03/6MID MORNING SNACK

Mid-morning snack is not absolutely necessary, it all depends if you are hungry or not. Our body takes a minimum of 4 hours to digest and absorb the food we eat, so it is advised to have your mid-morning snacks 2 to 4 hours after your breakfast. Sticking to this time frame would help you to stay full for a longer period of time and will keep your energy level up till the afternoon.

04/6LUNCH

You should try to have your lunch before 3 PM at all cost. As per a study published in the American Journal of Clinical Nutrition, researchers examined 300 dieters trying to lose weight and it was found that people who had their lunch earlier were able to shed more kilos.

05/6AFTERNOON SNACK

Just like your morning snack, you should have your evening snacks 2 to 4 hours after your lunch. Snacking between the meals prevents you from overeating.
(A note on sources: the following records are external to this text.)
(* For every $0<p<3$ and every $q\ge0$ there exists $C(p,q)>0$ such that $$\int_{\mathbb R^3}|G(v,v')|^p\frac{dv'}{(1+|v'-u_1|)^q}\le\frac{C(p,q)}{(1+|v-u_1|)^{q+1}}\qquad\text{for all }v\in\mathbb R^3.$$
   Context: Fix masses $m,m_1>0$, a constant restitution coefficient $\epsilon\in(0,1)$, a bulk velocity $u_1\in\mathbb R^3$ and a temperature $\vartheta_1>0$. Set $\alpha=\frac{m_1}{m+m_1}$, $\beta=\frac{1-\epsilon}{2}$, $\mu=\frac{1-2\alpha(1-\beta)}{\alpha(1-\beta)}$ (so $1+\mu>0$), and $G(v,v')=\big(\frac{m_1}{2\pi\vartheta_1}\big)^{1/2}|v-v'|^{-1}\exp\big\{-\frac{m_1}{8\vartheta_1}\big((1+\mu)^2|v-v'|^2+\frac{(|v-u_1|^2-|v'-u_1|^2)^2}{|v-v'|^2}\big)\big\}$ for $v\neq v'$. *)

theory Defs
  imports "HOL-Analysis.Analysis"
begin

definition alpha_c :: "real \<Rightarrow> real \<Rightarrow> real" where
  "alpha_c m m1 = m1 / (m + m1)"

definition beta_c :: "real \<Rightarrow> real" where
  "beta_c \<epsilon> = (1 - \<epsilon>) / 2"

definition mu_c :: "real \<Rightarrow> real \<Rightarrow> real \<Rightarrow> real" where
  "mu_c m m1 \<epsilon> =
     (1 - 2 * alpha_c m m1 * (1 - beta_c \<epsilon>)) / (alpha_c m m1 * (1 - beta_c \<epsilon>))"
“Eating small meals frequently is always a good option. Do not take long intervals between your meal as it results in overeating when you have your meal.” Try to have nuts, fruits, smoothies in your snacks. Increasing your fruit and vegetable intake also speeds up your weight loss process.

06/6DINNER

It is also advised to have light dinner at night and that too before 7 pm. As per a study conducted by Brigham Young University, researchers asked 29 men to not have anything after 7 PM for about weeks and then asked them to have whatever they want for another two weeks. It was found people who had their dinner by 7 PM consumed 244 fewer calories, which eventually helped them to shed kilos. Also, it is always advised to have food 1-2 hours before sleeping, in order to lose weight.